Казнили тех, кто не донес о вредителях и шпионах, тех, кто взял «патенты или манифесты» неприятеля – сегодня мы бы сказали «листовки» – и разбросал их, тех, кто распространял «фалшивые и изменнические слухи», «чрез которыя робость салдатам причинена быть может».
Предписывалось казнить и зачинщиков «непристойных подозрительных сходбищ и собраний воинских людей, хотя для советов каких-нибудь (хотя и не для зла) или для челобитья…» – то есть даже те, кто собирал однополчан для обсуждения совершенно неопасных вопросов, уже создавали столь опасный прецедент, что заслуживали смерти, как и офицеры, позволившие подобное «сходбище».
Казнили бунтовщиков, но еще и тех, кто, увидев «ссору, брань или драку между рядовыми», призывал товарищей на помощь, то есть превращал драку двух человек в массовую, а заодно и тех, кто прибегал помогать. Казнили за поединки, за распространение «пасквилей, или ругательных писем», за причинение смерти в результате побоев (очевидно, наказание шпицрутенами не подпадало под эту статью), за пользование услугами наемного убийцы.
Не остались без внимания законодателя и самые ужасающие убийства, хотя и с поправкой на армейскую жизнь: «Ежели кто отца своего, мать, дитя во младенчестве, офицера наглым образом умертвит, оного колесовать, а тело его на колесо положить, а за протчих мечем наказать.
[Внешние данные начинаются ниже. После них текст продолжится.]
definition pseudoultrametric ::
  "'q set \<Rightarrow> ('q \<times> 'q) set \<Rightarrow> 'q \<Rightarrow> 'z set \<Rightarrow> ('z \<Rightarrow> 'z \<Rightarrow> 'q) \<Rightarrow> bool" where
  "pseudoultrametric Q r q0 Z d \<longleftrightarrow>
     (\<forall>x\<in>Z. \<forall>y\<in>Z. d x y \<in> Q) \<and>
     (\<forall>x\<in>Z. \<forall>y\<in>Z. d x y = d y x) \<and>
     (\<forall>z\<in>Z. d z z = q0) \<and>
     (\<forall>z1\<in>Z. \<forall>z2\<in>Z. \<forall>z3\<in>Z. let z = (\<lambda>i. [z1, z2, z3] ! i) in
        \<exists>i1 i2 i3. perm3 i1 i2 i3 \<and>
          (d (z i1) (z i3), d (z i1) (z i2)) \<in> r \<and>
          d (z i1) (z i2) = d (z i2) (z i3))"

definition comb_similar ::
  "'a set \<Rightarrow> ('a \<Rightarrow> 'a \<Rightarrow> 'b) \<Rightarrow> 'c set \<Rightarrow> ('c \<Rightarrow> 'c \<Rightarrow> 'd) \<Rightarrow> bool" where
  "comb_similar X \<Phi> Y \<Psi> \<longleftrightarrow>
     (\<exists>f g. bij_betw f (range2 X \<Phi>) (range2 Y \<Psi>) \<and> bij_betw g Y X \<and>
        (\<forall>x\<in>Y. \<forall>y\<in>Y. \<Psi> x y = f (\<Phi> (g x) (g y))))"

definition strongly_consistent :: "'a set \<Rightarrow> ('a \<Rightarrow> 'a \<Rightarrow> 'b) \<Rightarrow> ('a \<times> 'a) set \<Rightarrow> bool" where
  "strongly_consistent X \<Phi> R \<longleftrightarrow>
     (\<forall>x1 x2 x3 x4. (x1, x2) \<in> R \<longrightarrow> (x3, x4) \<in> R \<longrightarrow> \<Phi> x1 x3 = \<Phi> x2 x4)"

definition coherent :: "'a set \<Rightarrow> ('a \<Rightarrow> 'a \<Rightarrow> 'b) \<Rightarrow> 'b \<Rightarrow> bool" where
  "coherent X \<Phi> a0 \<longleftrightarrow>
     (let R = {(x, y). x \<in> X \<and> y \<in> X \<and> \<Phi> x y = a0} in
       equiv X R \<and> strongly_consistent X \<Phi> R)"

definition u_rel :: "'a set \<Rightarrow> ('a \<Rightarrow> 'a \<Rightarrow> 'b) \<Rightarrow> ('b \<times> 'b) set" where
  "u_rel X \<Phi> = {(y1, y2). y1 \<in> range2 X \<Phi> \<and> y2 \<in> range2 X \<Phi> \<and>
     (\<exists>x1\<in>X. \<exists>x2\<in>X. \<exists>x3\<in>X. y1 = \<Phi> x1 x3 \<and> y2 = \<Phi> x1 x2 \<and> \<Phi> x1 x2 = \<Phi> x2 x3)}"

definition le_Phi :: "'a set \<Rightarrow> ('a \<Rightarrow> 'a \<Rightarrow> 'b) \<Rightarrow> ('b \<times> 'b) set" where
  "le_Phi X \<Phi> = (u_rel X \<Phi>)\<^sup>+ \<union> Id_on (range2 X \<Phi>)"

definition cond_i :: "'a set \<Rightarrow> ('a \<Rightarrow> 'a \<Rightarrow> 'b) \<Rightarrow> 'c set \<Rightarrow> ('c \<Rightarrow> 'c \<Rightarrow> 'd) \<Rightarrow>
    'd set \<Rightarrow> ('d \<times> 'd) set \<Rightarrow> 'd \<Rightarrow> bool" where
  "cond_i X \<Phi> Y d Q r q0 \<longleftrightarrow> linear_order_on Q r \<and> least_elem Q r q0 \<and>
     pseudoultrametric Q r q0 Y d \<and> comb_similar X \<Phi> Y d"

definition cond_ii :: "'a set \<Rightarrow> ('a \<Rightarrow> 'a \<Rightarrow> 'b) \<Rightarrow> 'c set \<Rightarrow> ('c \<Rightarrow> 'c \<Rightarrow> 'd) \<Rightarrow>
    'd set \<Rightarrow> ('d \<times> 'd) set \<Rightarrow> 'd \<Rightarrow> bool" where
  "cond_ii X \<Phi> Y d Q r q0 \<longleftrightarrow> partial_order_on Q r \<and> least_elem Q r q0 \<and>
     pseudoultrametric Q r q0 Y d \<and> comb_similar X \<Phi> Y d"

definition cond_iii :: "'a set \<Rightarrow> ('a \<Rightarrow> 'a \<Rightarrow> 'b) \<Rightarrow> bool" where
  "cond_iii X \<Phi> \<longleftrightarrow>
     (\<forall>x\<in>X. \<forall>y\<in>X. \<Phi> x y = \<Phi> y x) \<and>
     antisym ((u_rel X \<Phi>)\<^sup>+) \<and>
     (\<exists>a0\<in>range2 X \<Phi>. coherent X \<Phi> a0) \<and>
     (\<forall>x1\<in>X. \<forall>x2\<in>X. \<forall>x3\<in>X. let x = (\<lambda>i. [x1, x2, x3] ! i) in
        \<exists>i1 i2 i3. perm3 i1 i2 i3 \<and> \<Phi> (x i1) (x i2) = \<Phi> (x i2) (x i3))"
Толкование. Ежели сие убийство учинитца не нарочно, или не в намерении кого умертвить, якобы кто похотел жену свою или дитя наказать, и оную так жестоко побьет, что подлинно от того умрет, то правда, что наказание легчее бывает. А ежели умышленное убивство будет, тогда убийца имеет мечем наказан быть».
На одну доску были поставлены отец, мать, маленький (только маленький?) ребенок и офицер – за них полагалось колесование, за другие убийства – обезглавливание. При этом, если жена или ребенок умирали от побоев, то есть муж и отец не собирался их убивать, а хотел только «наказать», кара была «легчее» – отношение к домашнему насилию достаточно ясно.
Казнили насильников и грабителей, а также и тех, кто за взятку пропускал людей, стоя в карауле.
Самоубийцу хоронили в «безчестном месте», то есть не в освященной земле, а того, кто покушался на самоубийство… ну конечно же, казнили.
Была, конечно, предусмотрена казнь и за экономические преступления – и тут тоже видна существовавшая тогда система ценностей. Самая легкая смерть выпадала тому, кто крал крепостного, – за это отрубали голову, а вот тех, кто ограбил церковь, предавали куда более мучительному колесованию. Того, кто украл государевы или государственные деньги, вешали – не так ужасно, как колесование, но более позорно, чем обезглавливание. Кстати, заодно вешали и тех, кто не донес.